5.4 Cloud vs Local LLMs: Choosing the Right Tool

Criterion	Cloud-based LLMs	Local LLMs
Cost	Pay-per-token or subscription	Free (after hardware)
Privacy	Data sent to provider	Data stays local
Performance	Highest accuracy & speed	Depends on hardware
Maintenance	Automatic updates	Manual model management
Customization	Limited fine-tuning	Fully modifiable
Best for	Large public datasets or prototype analysis	Sensitive or regulated data

🧭 Many educational researchers prototype analyses on the cloud for speed, then reproduce them locally for privacy and reproducibility.

5.5 Practical Setup Checklist

Before running LLM-based analyses:

✅ Select your preferred model and platform
✅ Configure API key (cloud) or local endpoint (LM Studio)
✅ Test connectivity with a short prompt
✅ Log model name, version, and date
✅ De-identify data and store outputs securely

✨ Following these steps ensures your AI-assisted research remains ethical, reproducible, and IRB-compliant.

5.6 Summary

Both cloud-based and local LLMs enable researchers to integrate generative AI into educational inquiry.

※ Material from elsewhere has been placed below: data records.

(* For integers $n\ge2$, $0<k<n$ and $0<i\le n$, the number of directed paths in $\Gamma$ from $(i,0)$ to $(n,k)$ is $$\pi(n,k,i)=\sum_{s=0}^{\min\{k,\,n-i\}}\binom{k}{s}\binom{n-k}{n-i-s}\,\pi(n-i,s,0).$$
   Context: Let $\Gamma$ be the directed graph whose nodes are the pairs $(n,k)$ of integers with $n\ge k\ge 0$, and whose edges are, for all $n\ge k\ge 0$: $(n+1,k)\to(n+1,k+1)$ and $(n,n-k)\to(n+1,k+1)$. $\pi(n,k,i)$ denotes the number of directed paths in $\Gamma$ from $(i,0)$ to $(n,k)$, where the trivial path counts when $(i,0)=(n,k)$ (so $\pi(0,0,0)=1$, and $\pi(m,0,0)=0$ for $m\ge1$). *)

theory Defs
  imports Main
begin

definition gamma_edge :: "nat \<times> nat \<Rightarrow> nat \<times> nat \<Rightarrow> bool" where
  "gamma_edge u v \<longleftrightarrow>
     (\<exists>n k. k \<le> n \<and>
        ((u = (n + 1, k) \<and> v = (n + 1, k + 1)) \<or> (u = (n, n - k) \<and> v = (n + 1, k + 1))))"

text \<open>Directed paths from a to b, as nonempty vertex lists whose consecutive
  entries are joined by edges (the one-vertex list is the trivial path).\<close>

definition gamma_paths :: "nat \<times> nat \<Rightarrow> nat \<times> nat \<Rightarrow> (nat \<times> nat) list set" where
  "gamma_paths a b = {xs. xs \<noteq> [] \<and> hd xs = a \<and> last xs = b \<and>
       (\<forall>j. j + 1 < length xs \<longrightarrow> gamma_edge (xs ! j) (xs ! (j + 1)))}"

definition pi_count :: "nat \<Rightarrow> nat \<Rightarrow> nat \<Rightarrow> nat" where
  "pi_count n k i = card (gamma_paths (i, 0) (n, k))"

end

theory Submission
  imports Defs
begin

text \<open>Every path ends with an edge into its last vertex (m, j), coming either from (m, j - 1) or
  from (m - 1, m - j). Hence \<open>\<pi>\<close> satisfies a Pascal-type recurrence, with first column
  \<open>\<pi>(m, 0, i) = [m = i]\<close>. Writing n = i + d, the right-hand side of the claimed formula is a
  Vandermonde-type convolution of the values \<open>\<pi>(d, s, 0)\<close>; splitting both binomial
  coefficients by Pascal's rule shows that it satisfies the same recurrence in k, which gives
  the formula by a double induction on d and k. It holds for all k \<le> n and i \<le> n.\<close>

lemma gamma_paths_successively:
  "gamma_paths a b = {xs. xs \<noteq> [] \<and> hd xs = a \<and> last xs = b \<and> successively gamma_edge xs}"
  by (simp add: gamma_paths_def successively_conv_nth)

lemma gamma_edge_iff:
  "gamma_edge u (m, j) \<longleftrightarrow> 0 < j \<and> j \<le> m \<and> (u = (m, j - 1) \<or> u = (m - 1, m - j))"
proof
  assume "gamma_edge u (m, j)"
  then show "0 < j \<and> j \<le> m \<and> (u = (m, j - 1) \<or> u = (m - 1, m - j))"
    unfolding gamma_edge_def by auto
next
  assume edge: "0 < j \<and> j \<le> m \<and> (u = (m, j - 1) \<or> u = (m - 1, m - j))"
  then have "m = (m - 1) + 1" "j = (j - 1) + 1" "j - 1 \<le> m - 1" "m - j = (m - 1) - (j - 1)"
    by auto
  with edge show "gamma_edge u (m, j)"
    unfolding gamma_edge_def by metis
qed

lemma gamma_predecessors:
  "{u. gamma_edge u (m, j)} = (if 0 < j \<and> j \<le> m then {(m, j - 1), (m - 1, m - j)} else {})"
  using gamma_edge_iff by auto

lemma gamma_paths_snoc:
  "gamma_paths a v = (if v = a then {[v]} else {}) \<union>
     (\<lambda>xs. xs @ [v]) ` (\<Union>u\<in>{u. gamma_edge u v}. gamma_paths a u)"
proof (intro set_eqI iffI)
  fix xs
  assume "xs \<in> gamma_paths a v"
  then have xs: "xs \<noteq> []" "hd xs = a" "last xs = v" "successively gamma_edge xs"
    by (auto simp: gamma_paths_successively)
  then obtain ys where ys: "xs = ys @ [v]"
    by (metis append_butlast_last_id)
  show "xs \<in> (if v = a then {[v]} else {}) \<union>
    (\<lambda>xs. xs @ [v]) ` (\<Union>u\<in>{u. gamma_edge u v}. gamma_paths a u)"
  proof (cases "ys = []")
    case True
    then show ?thesis using xs ys by auto
  next
    case False
    with xs ys have "gamma_edge (last ys) v" "ys \<in> gamma_paths a (last ys)"
      by (auto simp: gamma_paths_successively successively_append_iff)
    with ys show ?thesis by blast
  qed
next
  fix xs
  assume "xs \<in> (if v = a then {[v]} else {}) \<union>
    (\<lambda>xs. xs @ [v]) ` (\<Union>u\<in>{u. gamma_edge u v}. gamma_paths a u)"
  then show "xs \<in> gamma_paths a v"
    by (auto simp: gamma_paths_successively successively_append_iff split: if_splits)
qed

lemma finite_gamma_paths: "finite (gamma_paths a (m, j))"
proof (induction m arbitrary: j)
  case 0
  show ?case
    by (subst gamma_paths_snoc) (auto simp: gamma_predecessors)
next
  case (Suc m)
  note IH_row = Suc.IH
  show ?case
  proof (induction j)
    case 0
    show ?case
      by (subst gamma_paths_snoc) (simp add: gamma_predecessors)
  next
    case (Suc j)
    then show ?case
      using IH_row[of "m - j"] by (subst gamma_paths_snoc) (simp add: gamma_predecessors)
  qed
qed

lemma pi_count_first_column: "pi_count m 0 i = (if m = i then 1 else 0)"
  unfolding pi_count_def by (subst gamma_paths_snoc) (simp add: gamma_predecessors)

lemma pi_count_rec:
  assumes "0 < j" "j \<le> m"
  shows "pi_count m j i = pi_count m (j - 1) i + pi_count (m - 1) (m - j) i"
proof -
  let ?P = "gamma_paths (i, 0)"
  have paths: "?P (m, j) = (\<lambda>xs. xs @ [(m, j)]) ` (?P (m, j - 1) \<union> ?P (m - 1, m - j))"
    using assms by (subst gamma_paths_snoc) (auto simp: gamma_predecessors)
  have "?P (m, j - 1) \<inter> ?P (m - 1, m - j) = {}"
    using assms by (auto simp: gamma_paths_successively)
  then have "card (?P (m, j - 1) \<union> ?P (m - 1, m - j)) =
      card (?P (m, j - 1)) + card (?P (m - 1, m - j))"
    by (simp add: card_Un_disjoint finite_gamma_paths)
  moreover have "card (?P (m, j)) = card (?P (m, j - 1) \<union> ?P (m - 1, m - j))"
    unfolding paths by (rule card_image) (simp add: inj_on_def)
  ultimately show ?thesis
    unfolding pi_count_def by simp
qed

lemma pi_count_below_start: "m < i \<Longrightarrow> j \<le> m \<Longrightarrow> pi_count m j i = 0"
proof (induction m arbitrary: j)
  case 0
  then show ?case by (simp add: pi_count_first_column)
next
  case (Suc m)
  note IH_row = Suc.IH
  from Suc.prems show ?case
  proof (induction j)
    case 0
    then show ?case by (simp add: pi_count_first_column)
  next
    case (Suc j)
    then show ?case
      using IH_row[of "m - j"] pi_count_rec[of "Suc j" "Suc m" i] by simp
  qed
qed

lemma pi_count_start_row: "k \<le> i \<Longrightarrow> pi_count i k i = 1"
proof (induction k)
  case 0
  then show ?case by (simp add: pi_count_first_column)
next
  case (Suc k)
  then show ?case
    using pi_count_rec[of "Suc k" i i] pi_count_below_start[of "i - 1" i "i - Suc k"] by simp
qed

definition vandermonde_weighted :: "nat \<Rightarrow> nat \<Rightarrow> nat \<Rightarrow> (nat \<Rightarrow> 'a::comm_semiring_1) \<Rightarrow> 'a"
  where "vandermonde_weighted a b M x =
    (\<Sum>s\<le>M. of_nat (a choose s) * of_nat (b choose (M - s)) * x s)"

lemma vandermonde_weighted_Suc_left:
  "vandermonde_weighted (Suc a) b (Suc M) x =
     vandermonde_weighted a b (Suc M) x + vandermonde_weighted a b M (\<lambda>s. x (Suc s))"
proof -
  have "vandermonde_weighted (Suc a) b (Suc M) x = of_nat (b choose Suc M) * x 0 +
      (\<Sum>s\<le>M. (of_nat (a choose s) + of_nat (a choose Suc s)) *
        of_nat (b choose (M - s)) * x (Suc s))"
    unfolding vandermonde_weighted_def by (simp only: sum.atMost_Suc_shift) simp
  moreover have "vandermonde_weighted a b (Suc M) x = of_nat (b choose Suc M) * x 0 +
      (\<Sum>s\<le>M. of_nat (a choose Suc s) * of_nat (b choose (M - s)) * x (Suc s))"
    unfolding vandermonde_weighted_def by (simp only: sum.atMost_Suc_shift) simp
  ultimately show ?thesis
    unfolding vandermonde_weighted_def by (simp add: algebra_simps sum.distrib)
qed

lemma vandermonde_weighted_Suc_right:
  "vandermonde_weighted a (Suc b) (Suc M) x =
     vandermonde_weighted a b (Suc M) x + vandermonde_weighted a b M x"
proof -
  have "(\<Sum>s\<le>M. of_nat (a choose s) * of_nat (Suc b choose (Suc M - s)) * x s) =
      (\<Sum>s\<le>M. of_nat (a choose s) * of_nat (b choose (Suc M - s)) * x s) +
      (\<Sum>s\<le>M. of_nat (a choose s) * of_nat (b choose (M - s)) * (x s :: 'a))"
    unfolding sum.distrib[symmetric] by (rule sum.cong) (auto simp: Suc_diff_le algebra_simps)
  then show ?thesis
    unfolding vandermonde_weighted_def by (simp add: algebra_simps)
qed

lemma vandermonde_weighted_swap:
  "vandermonde_weighted a b M x = vandermonde_weighted b a M (\<lambda>s. x (M - s))"
  unfolding vandermonde_weighted_def
  by (rule sum.reindex_bij_witness[where i="\<lambda>s. M - s" and j="\<lambda>s. M - s"])
     (auto simp: mult.commute)

lemma vandermonde_weighted_add:
  "vandermonde_weighted a b M (\<lambda>s. x s + y s) =
     vandermonde_weighted a b M x + vandermonde_weighted a b M y"
  unfolding vandermonde_weighted_def by (simp add: distrib_left sum.distrib)

lemma vandermonde_weighted_cong:
  "(\<And>s. s \<le> M \<Longrightarrow> x s = y s) \<Longrightarrow> vandermonde_weighted a b M x = vandermonde_weighted a b M y"
  unfolding vandermonde_weighted_def by (rule sum.cong) auto

lemma vandermonde_weighted_pascal:
  assumes "\<And>s. s \<le> M \<Longrightarrow> x (Suc s) = x s + y (M - s)"
  shows "vandermonde_weighted (Suc a) b (Suc M) x =
    vandermonde_weighted a (Suc b) (Suc M) x + vandermonde_weighted b a M y"
proof -
  have "vandermonde_weighted a b M (\<lambda>s. x (Suc s)) =
      vandermonde_weighted a b M (\<lambda>s. x s + y (M - s))"
    using assms by (rule vandermonde_weighted_cong)
  then have "vandermonde_weighted (Suc a) b (Suc M) x = vandermonde_weighted a b (Suc M) x +
      vandermonde_weighted a b M x + vandermonde_weighted a b M (\<lambda>s. y (M - s))"
    by (simp add: vandermonde_weighted_Suc_left vandermonde_weighted_add add.assoc)
  also have "vandermonde_weighted a b M (\<lambda>s. y (M - s)) = vandermonde_weighted b a M y"
    by (simp add: vandermonde_weighted_swap[of b a M])
  finally show ?thesis
    by (simp add: vandermonde_weighted_Suc_right)
qed

lemma pi_count_vandermonde:
  "k \<le> i + d \<Longrightarrow>
    pi_count (i + d) k i = vandermonde_weighted k (i + d - k) d (\<lambda>s. pi_count d s 0)"
proof (induction d arbitrary: k)
  case 0
  then show ?case
    by (simp add: vandermonde_weighted_def pi_count_start_row pi_count_first_column)
next
  case (Suc d)
  note IH_row = Suc.IH
  from Suc.prems show ?case
  proof (induction k)
    case 0
    show ?case
      by (auto simp: vandermonde_weighted_def pi_count_first_column intro!: sum.neutral)
  next
    case (Suc k)
    define b where "b = i + Suc d - Suc k"
    have "pi_count (i + Suc d) (Suc k) i = pi_count (i + Suc d) k i + pi_count (i + d) b i"
      using pi_count_rec[of "Suc k" "i + Suc d" i] Suc.prems by (simp add: b_def)
    also have "pi_count (i + Suc d) k i =
        vandermonde_weighted k (Suc b) (Suc d) (\<lambda>s. pi_count (Suc d) s 0)"
      using Suc.IH Suc.prems by (simp add: b_def Suc_diff_le)
    also have "pi_count (i + d) b i = vandermonde_weighted b k d (\<lambda>s. pi_count d s 0)"
      using IH_row[of b] Suc.prems by (simp add: b_def)
    also have "vandermonde_weighted k (Suc b) (Suc d) (\<lambda>s. pi_count (Suc d) s 0) +
        vandermonde_weighted b k d (\<lambda>s. pi_count d s 0) =
        vandermonde_weighted (Suc k) b (Suc d) (\<lambda>s. pi_count (Suc d) s 0)"
      by (rule vandermonde_weighted_pascal[symmetric]) (simp add: pi_count_rec)
    finally show ?case
      by (simp add: b_def)
  qed
qed

theorem proposition4:
  fixes n k i :: nat
  assumes "n \<ge> 2" and "0 < k" and "k < n" and "0 < i" and "i \<le> n"
  shows "pi_count n k i =
    (\<Sum>s = 0..min k (n - i). (k choose s) * ((n - k) choose (n - i - s)) * pi_count (n - i) s 0)"
proof -
  have "pi_count n k i = vandermonde_weighted k (n - k) (n - i) (\<lambda>s. pi_count (n - i) s 0)"
    using pi_count_vandermonde[of k i "n - i"] assms by simp
  also have "\<dots> =
    (\<Sum>s = 0..min k (n - i). (k choose s) * ((n - k) choose (n - i - s)) * pi_count (n - i) s 0)"
    unfolding vandermonde_weighted_def of_nat_id atLeast0AtMost
    by (rule sum.mono_neutral_right) auto
  finally show ?thesis .
qed

end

Use Case	Cloud LLM	Local LLM
Rapid prototyping	✅	⚪
Large-scale text processing	✅	⚪
Sensitive student data	⚪	✅
Offline analysis	⚪	✅
Long-term reproducibility	⚪	✅

In short, cloud LLMs excel in convenience and scale,

while local LLMs excel in privacy and control.

Most projects benefit from combining both.

Looking Ahead

Chapter 6 will demonstrate thematic and qualitative text analysis using LM Studio,

showing how local LLMs can perform end-to-end qualitative coding and synthesis.
Chapter 7 extends this workflow to multimodal data—images — illustrating how AI can connect diverse data types in educational contexts.